(* Let $G\neq 1$ be a finite group with $G=AB$ for subgroups $A,B$. The following are pairwise equivalent: (1) $G=AB$ is a core-factorisation. (2) There is a normal series $1=N_0\trianglelefteq N_1\trianglelefteq\cdots\trianglelefteq N_n=G$ of $G$ (all $N_i\trianglelefteq G$) such that for each $1\le i\le n$, either $N_i/N_{i-1}\le AN_{i-1}/N_{i-1}$ or $N_i/N_{i-1}\le BN_{i-1}/N_{i-1}$. (3) For every proper normal subgroup $K$ of $G$ there is a normal subgroup $M$ of $G$ with $K<M$ such that $M/K\le AK/K$ or $M/K\le BK/K$. Moreover, in (1) and (2), each term $N_i$ of such a (chief, resp. normal) series satisfies $N_i=(N_i\cap A)(N_i\cap B)$, and for $N_i\neq 1$ the factorisation $N_i=(N_i\cap A)(N_i\cap B)$ is again a core-factorisation.
   Context: All groups are finite. A subgroup $U$ of $G$ covers a section $V/W$ ($W\trianglelefteq V\le G$) if $W(U\cap V)=V$. If $1\neq G=AB$ is a product of subgroups $A$ and $B$, then $G=AB$ is called a core-factorisation if $G$ possesses a chief series each of whose chief factors is covered by $A$ or by $B$. *)

theory Defs
  imports "HOL-Algebra.Algebra"
begin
________________
TASK BRIEF: The answer is a single number: how many lines in the data above hold the string "chief".

EXERCISE SOLUTION: 2